Sorry. Da hab ich jetzt selbst wieder was gelernt. Normalerweise kann man in einer Inneren Klasse mit
EinschließendeKlasse.this
auf das "übergeordnete this" zugreifen. In deinem Fall greift man mit
Game.this
auf das Game-Objekt zu, in dem der (innere) KeyListener liegt. Aber offenbar funktioniert das NICHT für synchronisation (OBWOHL es scheinbar wirklich das richtige Objekt ist).
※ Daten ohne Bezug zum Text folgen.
lemma reg_btl_loss_minimizer_stationary:
  assumes "finite A" "k \<in> A"
    and swap: "\<And>a b. a \<in> A \<Longrightarrow> b \<in> A \<Longrightarrow> comp_prob M u a b + comp_prob M u b a = 1"
    and minimizer: "\<And>v. reg_btl_loss M u A lam uh \<le> reg_btl_loss M u A lam v"
  shows "lam * uh k = 2 / (real (card A) * (real (card A) - 1)) *
           (\<Sum>c\<in>A. comp_prob M u k c - btl_prob (uh k) (uh c))"
proof -
  let ?C = "1 / (real (card A) * (real (card A) - 1))"
  let ?g = "\<lambda>a b. btl_prob (uh a) (uh b) - comp_prob M u a b"
  let ?d = "\<lambda>a. of_bool (a = k) :: real"
  have "?C * (\<Sum>a\<in>A. \<Sum>b\<in>A - {a}. ?g a b * (?d a - ?d b)) + lam * (\<Sum>a\<in>A. uh a * ?d a) = 0"
    using minimizer by (intro DERIV_local_min[OF has_real_derivative_reg_btl_loss, of 1]) simp_all
  moreover have "(\<Sum>a\<in>A. \<Sum>b\<in>A - {a}. ?g a b * (?d a - ?d b)) = 2 * (\<Sum>c\<in>A. ?g k c)"
  proof (rule sum_antisym_coordinate[OF assms(1,2)])
    show "?g b a = - ?g a b" if "a \<in> A" "b \<in> A" for a b
      using swap[OF that] btl_prob_swap[of "uh a" "uh b"] by linarith
  qed
  moreover have "(\<Sum>a\<in>A. uh a * ?d a) = uh k"
    using assms(1,2) by simp
  moreover have "(\<Sum>c\<in>A. comp_prob M u k c - btl_prob (uh k) (uh c)) = - (\<Sum>c\<in>A. ?g k c)"
    by (simp add: sum_negf[symmetric])
  ultimately show ?thesis
    by (simp add: field_simps)
qed
(* Let $\{A_n\}_{n\geqslant 1}$ be i.i.d. nonnegative random variables with Laplace–Stieltjes transform $\alpha(s)=\mathbb{E}[e^{-sA_1}]$, and let $\{B_n\}_{n\geqslant 1}$ be i.i.d. exponentially distributed with rate $\mu>0$, independent of $\{A_n\}$. Let $W_1=0$ and $W_{n+1}=\max\{0,\,B_{n+1}-A_n-W_n\}$ for $n\geqslant 1$, and let $C=\inf\{k\geqslant 1: W_{1+k}=0\}$ be the length of a regeneration cycle. Then $$\mathbb{P}[C=n]=\begin{cases}1-\alpha(\mu), & n=1,\\[2pt] \left[1-\tfrac12\alpha(\mu)\right]\left[\tfrac12\alpha(\mu)\right]^{n-2}\alpha(\mu), & n\geqslant 2.\end{cases}$$ *)

theory Defs
  imports "HOL-Probability.Probability"
begin

(* Waiting-time recursion, 1-based as in the paper:
   W_1 = 0, W_{n+1} = max 0 (B_{n+1} - A_n - W_n). Index 0 is an unused dummy. *)
fun Wseq :: "(nat \<Rightarrow> 'a \<Rightarrow> real) \<Rightarrow> (nat \<Rightarrow> 'a \<Rightarrow> real) \<Rightarrow> nat \<Rightarrow> 'a \<Rightarrow> real" where
  "Wseq A B 0 \<omega> = 0"
| "Wseq A B (Suc 0) \<omega> = 0"
| "Wseq A B (Suc (Suc n)) \<omega> = max 0 (B (Suc (Suc n)) \<omega> - A (Suc n) \<omega> - Wseq A B (Suc n) \<omega>)"

(* C = inf {k >= 1. W_{1+k} = 0}; if the set is empty, Inf on nat gives 0
   (i.e. the value 0 encodes C = infinity, never equal to any n >= 1). *)
definition cycle_len :: "(nat \<Rightarrow> 'a \<Rightarrow> real) \<Rightarrow> (nat \<Rightarrow> 'a \<Rightarrow> real) \<Rightarrow> 'a \<Rightarrow> nat" where
  "cycle_len A B \<omega> = Inf {k. k \<ge> 1 \<and> Wseq A B (1 + k) \<omega> = 0}"

end

theory Submission
  imports Defs
begin

text \<open>
  Call the cycle busy at time n if W_2, ..., W_n > 0, i.e. C \<ge> n. Since
  W_{k+1} = max 0 (B_{k+1} - (A_k + W_k)) with B_{k+1} exponential and independent of the past,
  memorylessness gives, for every measurable g \<ge> 0,
    E[1{busy at k+1} g(W_{k+1})] = E[1{busy at k} exp(-\<mu> W_k)] \<alpha> E[g(B)],
  i.e. while the cycle goes on the current waiting time is again Exp(\<mu>). Taking g(u) = exp(-\<mu> u),
  whose mean is 1/2, gives E[1{busy at k} exp(-\<mu> W_k)] = (\<alpha>/2)^(k-1); taking g = 1 gives
  P[C \<ge> k+1] = \<alpha> (\<alpha>/2)^(k-1). P[C = n] is the difference of two consecutive such
  probabilities, and the event that the cycle never ends is null. The expectations are computed
  on the product of the laws of the finitely many A_j, B_j involved.
\<close>

text \<open>A sample point x stores A_k at Inl k and B_k at Inr k; wait x k is W_k, and coords k
  is the set of coordinates it depends on.\<close>

fun wait :: "(nat + nat \<Rightarrow> real) \<Rightarrow> nat \<Rightarrow> real" where
  "wait x 0 = 0"
| "wait x (Suc 0) = 0"
| "wait x (Suc (Suc n)) = max 0 (x (Inr (Suc (Suc n))) - x (Inl (Suc n)) - wait x (Suc n))"

lemma wait_nonneg: "0 \<le> wait x k"
  by (induct x k rule: wait.induct) auto

lemma Wseq_eq_wait: "Wseq A B k \<omega> = wait (\<lambda>i. case_sum A B i \<omega>) k"
  by (induct A B k \<omega> rule: Wseq.induct) auto

lemma cycle_len_eq_Inf: "cycle_len A B \<omega> = Inf {k. 1 \<le> k \<and> wait (\<lambda>i. case_sum A B i \<omega>) (1 + k) = 0}"
  by (simp add: cycle_len_def Wseq_eq_wait)

definition coords :: "nat \<Rightarrow> (nat + nat) set" where
  "coords k = Inl ` {1..<k} \<union> Inr ` {2..k}"

lemma finite_coords: "finite (coords k)"
  by (simp add: coords_def)

lemma coords_mono: "k \<le> m \<Longrightarrow> coords k \<subseteq> coords m"
  by (auto simp: coords_def)

lemma coords_Suc_0: "coords (Suc 0) = {}"
  by (auto simp: coords_def)

lemma coords_Suc:
  "1 \<le> k \<Longrightarrow> coords (Suc k) = insert (Inr (Suc k)) (insert (Inl k) (coords k))"
  by (auto simp: coords_def atLeastAtMostSuc_conv atLeastLessThanSuc)

lemma wait_cong: "(\<And>i. i \<in> coords k \<Longrightarrow> x i = y i) \<Longrightarrow> wait x k = wait y k"
proof (induct x k rule: wait.induct)
  case (3 x n)
  have "wait x (Suc n) = wait y (Suc n)"
    by (rule 3(1)) (use 3(2) in \<open>auto simp: coords_def\<close>)
  then show ?case
    using 3(2) by (simp add: coords_def)
qed simp_all

definition busy :: "(nat + nat \<Rightarrow> real) \<Rightarrow> nat \<Rightarrow> bool" where
  "busy x k \<longleftrightarrow> (\<forall>j\<in>{2..k}. 0 < wait x j)"

lemma busy_cong:
  assumes "\<And>i. i \<in> coords k \<Longrightarrow> x i = y i"
  shows "busy x k = busy y k"
proof -
  have "wait x j = wait y j" if "j \<in> {2..k}" for j
    using that assms coords_mono[of j k] by (intro wait_cong) auto
  then show ?thesis
    by (simp add: busy_def)
qed

lemma coords_notin [simp]: "Inl k \<notin> coords k" "Inr (Suc k) \<notin> coords k"
  by (auto simp: coords_def)

lemma wait_fun_upd [simp]: "i \<notin> coords k \<Longrightarrow> wait (x(i := v)) k = wait x k"
  by (rule wait_cong) auto

lemma busy_fun_upd [simp]: "i \<notin> coords k \<Longrightarrow> busy (x(i := v)) k = busy x k"
  by (rule busy_cong) auto

lemma busy_Suc_0 [simp]: "busy x (Suc 0)"
  by (simp add: busy_def)

lemma busy_Suc: "1 \<le> k \<Longrightarrow> busy x (Suc k) \<longleftrightarrow> busy x k \<and> 0 < wait x (Suc k)"
  by (auto simp: busy_def atLeastAtMostSuc_conv)

lemma busy_iff_idle_bound: "busy x n \<longleftrightarrow> (\<forall>k\<in>{k. 1 \<le> k \<and> wait x (1 + k) = 0}. n \<le> k)"
proof -
  have pos: "0 < wait x j \<longleftrightarrow> wait x j \<noteq> 0" for j
    using wait_nonneg[of x j] by linarith
  have "busy x n \<longleftrightarrow> (\<forall>k. 1 \<le> k \<and> k < n \<longrightarrow> wait x (1 + k) \<noteq> 0)"
    unfolding busy_def pos
  proof (intro iffI allI impI ballI)
    fix j assume "\<forall>k. 1 \<le> k \<and> k < n \<longrightarrow> wait x (1 + k) \<noteq> 0" and "j \<in> {2..n}"
    then show "wait x j \<noteq> 0"
      by (cases j) auto
  qed auto
  then show ?thesis
    by (auto simp: not_le[symmetric])
qed

lemma Inf_idle_eq_iff:
  assumes "\<not> (\<forall>k. busy x k)"
  shows "Inf {k. 1 \<le> k \<and> wait x (1 + k) = 0} = n \<longleftrightarrow> busy x n \<and> \<not> busy x (Suc n)"
proof -
  define S where "S = {k. 1 \<le> k \<and> wait x (1 + k) = 0}"
  have S_ne: "S \<noteq> {}"
    using assms busy_iff_idle_bound[of x] unfolding S_def by blast
  have "Inf S = n \<longleftrightarrow> n \<in> S \<and> (\<forall>k\<in>S. n \<le> k)"
  proof
    assume "Inf S = n"
    then show "n \<in> S \<and> (\<forall>k\<in>S. n \<le> k)"
      using Inf_nat_def1[OF S_ne] cInf_lower[OF _ bdd_below_bot] by auto
  qed (auto intro: cInf_eq_minimum)
  also have "\<dots> \<longleftrightarrow> busy x n \<and> \<not> busy x (Suc n)"
    unfolding busy_iff_idle_bound[of x] S_def[symmetric] by (auto simp: not_less_eq_eq intro: le_antisym)
  finally show ?thesis
    unfolding S_def .
qed

lemma Inf_idle_all_busy:
  assumes "\<forall>k. busy x k"
  shows "{k. 1 \<le> k \<and> wait x (1 + k) = 0} = {}"
proof -
  have "\<not> (1 \<le> k \<and> wait x (1 + k) = 0)" for k
    using assms busy_iff_idle_bound[of x "Suc k"] by auto
  then show ?thesis
    by blast
qed

lemma busy_Suc_integrand_fun_upd:
  assumes "1 \<le> k"
  shows "(if busy (x(Inr (Suc k) := b)) (Suc k) then g (wait (x(Inr (Suc k) := b)) (Suc k)) else 0)
       = (if busy x k \<and> x (Inl k) + wait x k < b then g (b - (x (Inl k) + wait x k)) else 0)"
proof -
  obtain m where m: "k = Suc m"
    using assms by (cases k) auto
  show ?thesis
    using assms by (auto simp: busy_Suc m max_def diff_diff_eq)
qed

lemma nn_integral_exponential_shift:
  fixes g :: "real \<Rightarrow> ennreal"
  assumes mu: "0 < \<mu>" and c: "0 \<le> c" and g[measurable]: "g \<in> borel_measurable borel"
  shows "(\<integral>\<^sup>+b. (if c < b then g (b - c) else 0) \<partial>density lborel (exponential_density \<mu>))
       = ennreal (exp (- \<mu> * c)) * (\<integral>\<^sup>+u. g u \<partial>density lborel (exponential_density \<mu>))"
proof -
  have shift: "ennreal (exponential_density \<mu> (c + u)) * (if 0 < u then g u else 0)
             = ennreal (exp (- \<mu> * c)) * (ennreal (exponential_density \<mu> u) * g u)"
    if "u \<noteq> 0" for u
  proof (cases "0 < u")
    case True
    have "exponential_density \<mu> (c + u) = exp (- \<mu> * c) * exponential_density \<mu> u"
      using True c by (simp add: exponential_density_def algebra_simps flip: exp_add)
    then show ?thesis using True mu by (simp add: ennreal_mult mult.assoc)
  qed (use that in \<open>simp add: exponential_density_def\<close>)
  have "(\<integral>\<^sup>+b. (if c < b then g (b - c) else 0) \<partial>density lborel (exponential_density \<mu>))
      = (\<integral>\<^sup>+b. ennreal (exponential_density \<mu> b) * (if c < b then g (b - c) else 0) \<partial>lborel)"
    by (subst nn_integral_density) auto
  also have "\<dots> = ennreal \<bar>1\<bar> * (\<integral>\<^sup>+u. ennreal (exponential_density \<mu> (c + 1 * u))
                   * (if c < c + 1 * u then g (c + 1 * u - c) else 0) \<partial>lborel)"
    by (rule nn_integral_real_affine) auto
  also have "\<dots> = (\<integral>\<^sup>+u. ennreal (exponential_density \<mu> (c + u)) * (if 0 < u then g u else 0) \<partial>lborel)"
    by (simp cong: if_cong)
  also have "\<dots> = (\<integral>\<^sup>+u. ennreal (exp (- \<mu> * c)) * (ennreal (exponential_density \<mu> u) * g u) \<partial>lborel)"
    by (intro nn_integral_cong_AE eventually_mono[OF AE_lborel_singleton[of 0]] shift)
  also have "\<dots> = ennreal (exp (- \<mu> * c)) * (\<integral>\<^sup>+u. g u \<partial>density lborel (exponential_density \<mu>))"
    by (subst nn_integral_cmult) (auto simp: nn_integral_density)
  finally show ?thesis .
qed
(* The intersection is the product of the intervals
   [max lo_K lo_L, min hi_K hi_L]; it is empty (dimension -1) iff some factor is empty,
   and otherwise its dimension is the number of non-degenerate factors. *)
definition inter_dim :: "nat \<Rightarrow> (nat \<Rightarrow> real \<times> real) \<Rightarrow> (nat \<Rightarrow> real \<times> real) \<Rightarrow> int" where
  "inter_dim d K L =
     (if \<forall>i<d. max (fst (K i)) (fst (L i)) \<le> min (snd (K i)) (snd (L i))
      then int (card {i. i < d \<and> max (fst (K i)) (fst (L i)) < min (snd (K i)) (snd (L i))})
      else -1)"

definition k_neighborly :: "nat \<Rightarrow> nat \<Rightarrow> (nat \<Rightarrow> real \<times> real) \<Rightarrow> (nat \<Rightarrow> real \<times> real) \<Rightarrow> bool" where
  "k_neighborly k d K L \<longleftrightarrow>
     int d - int k \<le> inter_dim d K L \<and> inter_dim d K L \<le> int d - 1"

definition k_neighborly_family :: "nat \<Rightarrow> nat \<Rightarrow> (nat \<Rightarrow> real \<times> real) set \<Rightarrow> bool" where
  "k_neighborly_family k d F \<longleftrightarrow>
     (\<forall>K\<in>F. std_box d K) \<and> (\<forall>K\<in>F. \<forall>L\<in>F. K \<noteq> L \<longrightarrow> k_neighborly k d K L)"

definition nbr :: "nat \<Rightarrow> nat \<Rightarrow> nat" where
  "nbr k d = Max {card F | F. finite F \<and> k_neighborly_family k d F}"

end

theory Submission imports Defs begin

(* If F and G are k1- and k2-neighborly families in R^d1 and R^d2, the boxes K x L with K in F
   and L in G form a (k1+k2)-neighborly family in R^(d1+d2): intersection dimensions add up,
   and two distinct products differ in at least one factor, where the intersection loses a
   dimension.  The only further point is that the maximum n(k,d) exists for k <= d: two
   distinct members of such a family meet in every coordinate and touch at a single point in
   some coordinate, and since no three nondegenerate intervals pairwise touch, a family all of
   whose pairs touch in one of m coordinates has at most 1 + m * b(m - 1) members, where b(m - 1)
   bounds the case of m - 1 coordinates. *)

definition intervals_meet :: "real \<times> real \<Rightarrow> real \<times> real \<Rightarrow> bool" where
  "intervals_meet a b \<longleftrightarrow> max (fst a) (fst b) \<le> min (snd a) (snd b)"

definition intervals_overlap :: "real \<times> real \<Rightarrow> real \<times> real \<Rightarrow> bool" where
  "intervals_overlap a b \<longleftrightarrow> max (fst a) (fst b) < min (snd a) (snd b)"

definition intervals_touch :: "real \<times> real \<Rightarrow> real \<times> real \<Rightarrow> bool" where
  "intervals_touch a b \<longleftrightarrow> snd a = fst b \<or> snd b = fst a"

lemma inter_dim_eq:
  "inter_dim d K L =
     (if \<forall>i<d. intervals_meet (K i) (L i)
      then int (card {i. i < d \<and> intervals_overlap (K i) (L i)}) else -1)"
  by (simp add: inter_dim_def intervals_meet_def intervals_overlap_def)

lemma inter_dim_nonnegD:
  assumes "0 \<le> inter_dim d K L"
  shows "\<forall>i<d. intervals_meet (K i) (L i)"
    and "inter_dim d K L = int (card {i. i < d \<and> intervals_overlap (K i) (L i)})"
  using assms by (auto simp: inter_dim_eq split: if_splits)
(* Let $\rho$ be a quantum state on the $L$-qubit Hilbert space $\mathcal{H}_L$ and let $\Psi,\Phi$ be two pure states on $\mathcal{H}_L\otimes\mathcal{H}_M$ ($\mathcal{H}_M$ an $M$-qubit space), both purifications of $\rho$ (i.e. $\operatorname{Tr}_{\mathcal{H}_M}\Psi=\operatorname{Tr}_{\mathcal{H}_M}\Phi=\rho$) and both of definite parity. Then there exists a unitary channel $\mathcal{U}$ on $\mathcal{H}_M$ that maps states of definite parity into states of definite parity and satisfies $(\mathcal{I}\otimes\mathcal{U})(\Psi)=\Phi$.
   Context: For $n$ qubits, the computational basis vectors $|s_1,\dots,s_n\rangle$, $s_i\in\{0,1\}$, have parity $p=\bigoplus_i s_i$; $\mathcal{H}_n=\mathcal{H}_n^0\oplus\mathcal{H}_n^1$ where $\mathcal{H}_n^p$ is spanned by basis vectors of parity $p$ (for $\mathcal{H}_L\otimes\mathcal{H}_M$, parity is computed over all $L+M$ qubits). A state $\rho$ has definite parity if $\rho=\rho_0+\rho_1$ with $\rho_p$ supported on $\mathcal{H}_n^p$; in particular a pure state has definite parity $p$ if its vector lies in $\mathcal{H}_n^p$. *)

theory Defs
  imports "Jordan_Normal_Form.Matrix"
begin

(* Computational basis of n qubits: basis vector |s_1,...,s_n> has index
   sum_i s_i * 2^(n-i) in {0..<2^n}.  Its parity is the parity of the number
   of 1-bits. *)
definition basis_parity :: "nat \<Rightarrow> nat \<Rightarrow> bool" where
  "basis_parity n i = odd (card {k. k < n \<and> odd (i div 2 ^ k)})"

definition adj :: "complex mat \<Rightarrow> complex mat" where
  "adj A = mat (dim_col A) (dim_row A) (\<lambda>(i,j). cnj (A $$ (j,i)))"

definition hermitian :: "complex mat \<Rightarrow> bool" where
  "hermitian A \<longleftrightarrow> square_mat A \<and> adj A = A"

definition psd :: "complex mat \<Rightarrow> bool" where
  "psd A \<longleftrightarrow> hermitian A \<and>
     (\<forall>v. dim_vec v = dim_row A \<longrightarrow> 0 \<le> Re (conjugate v \<bullet> (A *\<^sub>v v)))"

definition mtrace :: "complex mat \<Rightarrow> complex" where
  "mtrace A = (\<Sum>i<dim_row A. A $$ (i,i))"

definition qstate :: "nat \<Rightarrow> complex mat \<Rightarrow> bool" where
  "qstate n \<rho> \<longleftrightarrow> \<rho> \<in> carrier_mat (2^n) (2^n) \<and> psd \<rho> \<and> mtrace \<rho> = 1"

definition vnorm2 :: "complex vec \<Rightarrow> real" where
  "vnorm2 v = (\<Sum>i<dim_vec v. (cmod (v $ i))\<^sup>2)"

definition proj :: "complex vec \<Rightarrow> complex mat" where
  "proj v = mat (dim_vec v) (dim_vec v) (\<lambda>(i,j). v $ i * cnj (v $ j))"

definition pure_state :: "nat \<Rightarrow> complex mat \<Rightarrow> bool" where
  "pure_state n \<Psi> \<longleftrightarrow> (\<exists>v. dim_vec v = 2^n \<and> vnorm2 v = 1 \<and> \<Psi> = proj v)"

definition supported_on_parity :: "nat \<Rightarrow> bool \<Rightarrow> complex mat \<Rightarrow> bool" where
  "supported_on_parity n p A \<longleftrightarrow> A \<in> carrier_mat (2^n) (2^n) \<and>
     (\<forall>i j. i < 2^n \<longrightarrow> j < 2^n \<longrightarrow>
        (basis_parity n i \<noteq> p \<or> basis_parity n j \<noteq> p) \<longrightarrow> A $$ (i,j) = 0)"
(* Let $\Gamma$ be a group and $S$ a $\Gamma$-graded inverse semigroup. Then there exist a nonempty set $X$ with a map $\deg:X\to\Gamma$ and an injective semigroup homomorphism $\psi:S\to\mathcal{I}^{\mathrm{gr}}(X)$ with $\psi(S_\alpha)\subseteq\mathcal{I}(X)_\alpha$ for all $\alpha\in\Gamma$.
   Context: Semigroups have a zero; $S$ is $\Gamma$-graded via $\deg:S\setminus\{0\}\to\Gamma$ with $\deg(st)=\deg(s)\deg(t)$ when $st\neq0$, $S_\alpha=\deg^{-1}(\alpha)\cup\{0\}$. For a set $X$, $\mathcal I(X)$ is the symmetric inverse monoid: bijections $\phi:A\to B$ between subsets of $X$, with $\mathrm{Dom}(\phi)=A$, composed as partial maps (the composite $\phi\psi$ has domain $\psi^{-1}(\mathrm{Im}\,\psi\cap\mathrm{Dom}\,\phi)$), with the empty map as zero. For $X$ with $\deg:X\to\Gamma$ put $X_\alpha=\deg^{-1}(\alpha)$ and, for $A\subseteq X$, $A_\alpha=A\cap X_\alpha$. Define $\mathcal I(X)_\alpha=\{\phi\in\mathcal I(X):\phi(\mathrm{Dom}(\phi)_\beta)\subseteq X_{\alpha\beta}\text{ for all }\beta\in\Gamma\}$ and $\mathcal I^{\mathrm{gr}}(X)=\bigcup_{\alpha\in\Gamma}\mathcal I(X)_\alpha$; this is a $\Gamma$-graded inverse subsemigroup of $\mathcal I(X)$ with components $\mathcal I(X)_\alpha$. *)

theory Defs
  imports "HOL-Algebra.Group"
begin
lemma Dcal_sublevel_closed:
  assumes \<Psi>: "closed_proper_convex \<Psi>" and cont: "\<forall>y \<in> edom \<Psi>. isCont (\<lambda>z. real_of_ereal (f z)) y"
    and x: "x \<in> edom \<Psi>" and s: "s \<in> edom \<Psi>" and k: "continuous_on {0..1} k"
  shows "closed {t \<in> {0..1}. Dcal f gradf \<Psi> x s t \<le> k t}"
proof -
  define z where "z t = x + t *\<^sub>R (s - x)" for t
  define h where "h t = k t - bregman f gradf (z t) x + (1 - t) * real_of_ereal (\<Psi> x)
                        + t * real_of_ereal (\<Psi> s)" for t
  define E where "E = {(y, t::real). \<Psi> y \<le> ereal t}"
  have zdom: "z t \<in> edom \<Psi>" if "t \<in> {0..1}" for t
    using convexD_alt[OF convex_edom[OF \<Psi>] x s, of t] that by (simp add: z_def algebra_simps)
  have "Dcal f gradf \<Psi> x s t \<le> k t \<longleftrightarrow> (z t, h t) \<in> E" if "t \<in> {0..1}" for t
  proof -
    have "Dcal f gradf \<Psi> x s t \<le> k t \<longleftrightarrow> real_of_ereal (\<Psi> (z t)) \<le> h t"
      unfolding Dcal_def h_def z_def by linarith
    also have "\<dots> \<longleftrightarrow> \<Psi> (z t) \<le> ereal (h t)"
      by (subst closed_proper_convex_finite[OF \<Psi> zdom[OF that]]) simp
    finally show ?thesis unfolding E_def by simp
  qed
  then have "{t \<in> {0..1}. Dcal f gradf \<Psi> x s t \<le> k t} = {0..1} \<inter> (\<lambda>t. (z t, h t)) -` E"
    by auto
  moreover have "continuous_on {0..1} (\<lambda>t. (z t, h t))"
  proof -
    have "continuous_on {0..1} (\<lambda>t. real_of_ereal (f (z t)))"
    proof (intro continuous_at_imp_continuous_on ballI)
      fix t :: real assume "t \<in> {0..1}"
      have "isCont z t" unfolding z_def by (intro continuous_intros)
      with cont zdom[OF \<open>t \<in> {0..1}\<close>] show "isCont (\<lambda>t. real_of_ereal (f (z t))) t"
        using continuous_at_compose[of t z] by (auto simp: o_def)
    qed
    then show ?thesis
      unfolding h_def bregman_def z_def by (intro continuous_intros k)
  qed
  moreover have "closed E" using \<Psi> unfolding closed_proper_convex_def E_def by blast
  ultimately show ?thesis by (simp add: continuous_closed_preimage)
qed
lemma A_pruned_ge:
  assumes "legal c X" "single_valued X" "t \<in> Domain X"
    and large: "ereal (real_of_int (c t)) \<le> A t X"
  shows "ereal (real_of_int (c t)) \<le> A t (pruned c X)"
proof -
  have "t \<in> ranked c X" using legal_imp_Domain_ranked assms(1-3) by blast
  then obtain k where k: "rank c X t = Suc k" "t \<in> rank_step c X (rank_level c X k)"
    by (rule ranked_imp_rank_step)
  moreover have "\<not> A t X < ereal (real_of_int (c t))" using large by simp
  ultimately obtain F where F: "finite F" "F \<subseteq> {u. (u, t) \<in> X} \<inter> rank_level c X k"
      "c t + 1 \<le> int (card F)"
    unfolding rank_step_def by blast
  have "(u, t) \<in> pruned c X" if "u \<in> F" for u
  proof -
    have "rank c X u < rank c X t" using F(2) that rank_le[of u c X k] k(1) by auto
    then show ?thesis using F(2) that large unfolding pruned_def by blast
  qed
  then have "F \<subseteq> {u. (u, t) \<in> pruned c X}" by blast
  with single_valued_subset[OF pruned_subset assms(2)] F(1) show ?thesis
    using F(3) by (rule A_ge_if_many_in_edges)
qed

lemma pruned_rayless:
  assumes tree: "rooted_tree V E r" and "X \<subseteq> E"
  shows "rayless (pruned c X)"
proof (rule rayless_if_no_infinite_paths)
  have sub: "pruned c X \<subseteq> E" using pruned_subset assms(2) by blast
  show "single_valued (pruned c X)"
    using single_valued_subset[OF sub rooted_tree_single_valued[OF tree]] .
  show "\<nexists>f. \<forall>i. (f i, f (Suc i)) \<in> pruned c X"
    using rooted_tree_no_ascending_path[OF tree] sub by blast
  show "\<nexists>f. \<forall>i. (f (Suc i), f i) \<in> pruned c X"
  proof
    assume "\<exists>f. \<forall>i. (f (Suc i), f i) \<in> pruned c X"
    then obtain f where descending: "\<forall>i. (f (Suc i), f i) \<in> pruned c X" by blast
    have "rank c X (f (Suc (Suc i))) < rank c X (f (Suc i))" for i
    proof -
      have "f (Suc i) \<in> Domain X" using descending pruned_subset by blast
      moreover have "(f (Suc (Suc i)), f (Suc i)) \<in> pruned c X" using descending by blast
      ultimately show ?thesis unfolding pruned_def by blast
    qed
    moreover obtain k where "((\<lambda>i. rank c X (f (Suc i))) (Suc k), rank c X (f (Suc k)))
        \<notin> {(m, n). m < n}"
      using wf_less by (rule wf_no_infinite_down_chainE)
    ultimately show False by simp
  qed
qed

theorem lemma2p8:
  fixes V :: "'v set" and E :: "('v \<times> 'v) set" and r :: 'v
    and c :: "'v \<Rightarrow> int" and X :: "('v \<times> 'v) set"
  assumes "rooted_tree V E r"
    and "X \<subseteq> E"
    and "legal c X"
  shows "\<exists>X'. X' \<subseteq> X \<and> rayless X' \<and>
           (\<forall>v\<in>V. A v X \<ge> ereal (real_of_int (c v)) \<longrightarrow> A v X' \<ge> ereal (real_of_int (c v))) \<and>
           (\<forall>v\<in>ter X. A v X' = A v X)"
proof (intro exI conjI ballI impI)
  have sv: "single_valued X"
    using single_valued_subset[OF assms(2) rooted_tree_single_valued[OF assms(1)]] .
  show "pruned c X \<subseteq> X" by (rule pruned_subset)
  show "rayless (pruned c X)" using pruned_rayless assms(1,2) .
  show "A v (pruned c X) \<ge> ereal (real_of_int (c v))"
    if "A v X \<ge> ereal (real_of_int (c v))" for v
  proof (cases "v \<in> Domain X")
    case True
    with A_pruned_ge[OF assms(3) sv] that show ?thesis by blast
  next
    case False
    with A_pruned_eq[OF False] that show ?thesis by simp
  qed
  show "A v (pruned c X) = A v X" if "v \<in> ter X" for v
    using that by (intro A_pruned_eq) (auto simp: ter_def)
qed

end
Dass es ein Bug ist, kann ich mir kaum vorstellen - aber vielleicht wird das in der Java-Sprachspezifikation irgendwo im Kleingedruckten erwähnt   

Umgehen kann man dieses Problem, indem man das "notify()" in eine private Methode von "Game" packt. Habe das Beispiel von dir mal "pseudo-Lauffähig" gemacht. (Welche Taste hat KeyCode 19?) However. Man kann dort jetzt mit "p" zwischen Pause und NichtPause hin-und herschalten.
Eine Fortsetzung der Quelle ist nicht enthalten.